Old version:
This is my concept for an arranger to end them all. I’ve been thinking alot about this lately, and learning of the different ways other programs handle arrangements. I studied the workflows of Ableton Live, Cubase (Playlist), FL Studio, Machinedrum and MPC arrangers and contemplated on how I work myself, and what would be most flexible. I’ve also tried hard to take into consideration difficulty of implementation and where Renoise is now, so as to not complicate things too much.
Firstly, the biggest obstacle with a “new” arranger, and the clip-style presented here earlier, is that it implies pattern “polyphony” - being able to play multiple patterns in parallel. I also don’t think this is optimal, since it creates the problem of what to do when you want a pattern to cut a preceding one.
Mostly, it looks like the FL studio playlist, except with some important improvements that makes it more powerful.
A quick run-down of my concept:
- The horizontal grid is strictly line/tick based. This makes visualizing pattern lengths easy, and keeps with the tracker tradition of time. Also, a “true” timeline would be complex and harder to implement.
- Each object in the arranger is a pattern, as defined today.
- Vertically, the arranger is split in lanes. For non-overlapping objects which lane it’s on is irrelevant. Essentially like FL Studio.
- An object can overlap another on the same lane, cutting it short. This is really useful for making breaks and getting creative with arrangements.
- Overlapping objects on separate lanes play in parallel - except if they contain events on the same track(s). If two objects play on the same track, whichever is on a lower lane in the arranger, gets precedence - like a monophonic synth, basically. Conceptually, this is like comping multiple takes in Cubase. FL studio will always play in parallel, which I believe is a poor idea.
- Doing it this way makes it easy to write a bass line pattern and a “place holder” drum beat, then focus on a separate beat pattern later.
- Changing a bass part for the last quarter of a pattern means simply making a new bridge pattern and put it in a lane below at the right time. Easy as pie, and creatively valuable.

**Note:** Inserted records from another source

theorem entails_compose_completion:
  "entails dI \<Delta>
     (FEx (LV f) (FEx (DV hh)
        (FSep (FAtom (SPred P (map V ([LV e, DV c, LV f, DV hh] @ xi))))
              (FAtom (SPred P' (map V ([LV f, DV hh] @ xi)))))))
     (FAtom (SPred P' (map V ([LV e, DV c] @ xi))))"
  unfolding entails_def
proof (intro allI impI)
  fix s h
  assume "sat dI \<Delta> s h (FEx (LV f) (FEx (DV hh)
      (FSep (FAtom (SPred P (map V ([LV e, DV c, LV f, DV hh] @ xi))))
            (FAtom (SPred P' (map V ([LV f, DV hh] @ xi)))))))"
  then obtain l d h1 h2 where "hdisj h1 h2" "h = hunion h1 h2"
    "pred_sem dI \<Delta> P (map (evalv (stack_upd f hh l d s)) ([LV e, DV c, LV f, DV hh] @ xi)) h1"
    "pred_sem dI \<Delta> P' (map (evalv (stack_upd f hh l d s)) ([LV f, DV hh] @ xi)) h2"
    unfolding sat_FEx_LV_FEx_DV by (auto simp: comp_def simp del: map_append split_paired_Ex)
  moreover have "LV f \<notin> set xi" "DV hh \<notin> set xi"
    using params_distinct by auto
  ultimately show "sat dI \<Delta> s h (FAtom (SPred P' (map V ([LV e, DV c] @ xi))))"
    unfolding map_evalv_params_stack_upd
    by (simp add: comp_def map_evalv_stack_upd pred_sem_compose)
qed

end

lemma compositional_completionI:
  assumes "fst (\<Delta> P) = [LV e, DV c, LV f, DV hh] @ xi"
    and "synt_compositional \<Delta> P" and "is_completion \<Delta> P P' c1 c2"
  shows "compositional_completion \<Delta> P P' e c f hh xi (snd (\<Delta> P)) c1 c2"
  using assms
  unfolding synt_compositional_def is_completion_def compositional_completion_def
    completion_def compositional_completion_axioms_def
  by auto

theorem theorem2:
  fixes \<Delta> :: "('n, 'l, 'd, 'c, 'pf, 'df, 'p) sid"
    and dI :: "'c \<Rightarrow> 'd list \<Rightarrow> bool"
    and P P' :: 'p and e c f hh :: 'n and xi :: "'n var list" and c1 :: 'l and c2 :: 'd
  assumes params: "fst (\<Delta> P) = [LV e, DV c, LV f, DV hh] @ xi"
    and comp: "synt_compositional \<Delta> P"
    and compl: "is_completion \<Delta> P P' c1 c2"
  shows "(equiv_sl dI \<Delta>
           (FAtom (SPred P' (map V ([LV e, DV c] @ xi))))
           (FAtom (SPred P ([V (LV e), V (DV c), LC c1, DC c2] @ map V xi))))
       \<and> entails dI \<Delta>
           (FEx (LV f) (FEx (DV hh)
              (FSep (FAtom (SPred P (map V ([LV e, DV c, LV f, DV hh] @ xi))))
                    (FAtom (SPred P' (map V ([LV f, DV hh] @ xi)))))))
           (FAtom (SPred P' (map V ([LV e, DV c] @ xi))))"
proof -
  interpret compositional_completion \<Delta> P P' e c f hh xi "snd (\<Delta> P)" c1 c2
    using params comp compl by (rule compositional_completionI)
  show ?thesis
    using equiv_completion_hole entails_compose_completion by blast
qed

end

- If you do want something to play in parallel, just put it on different tracks (like now).
Objects indicate in the arrange what tracks are overridden by another (higher priority) object. That’s what the red “tags” are, showing which track number is “muted” and where.
Showing of “overlap tags” could be togglable, simplifying the view even more (although reducing the level of information communicated).
The yellow lines indicate pattern truncation.
All available patterns are listed to the left. Simple drag’n’drop into the arranger to place patterns.
A transport marker indicates song play position, with line resolution.
Loop range markers allow looping a section of the arrangement.
Vertical zoom should be possible in the arrange, to allow listing more “track mute stripes” etc.
Objects should be mutable to disable playback. This makes testing new ideas easy.
Automation is preceded like other tracks. One very cool thing this lets us do, is use patterns as “automation clips” like in FL Studio. (Possibly, it could be a good idea to add global automation tracks, separate from pattern/object arrangement, at some point).
Multiple arrangements per song allows remixing and rearranging without losing info and previous work.
For this concept to work, only two new concepts need to be added to the renoise core. Muting of individual tracks during playback in the arrangement and cutting patterns short (skipping to the next). Importantly, no parallel pattern or track playback is necessary.
To me, the most important factors are creativity, a free-form workflow and simplicity, and IMHO this will kick so much ass it’ll wipe the floor with both Ableton and energyXT for exploring arrangements. Now, imagine a “live mode” where you can trigger whole arrangements, and you’ve got live sequencer nirvana.
So, whatcha think? Just plain stupid, or a useful concept?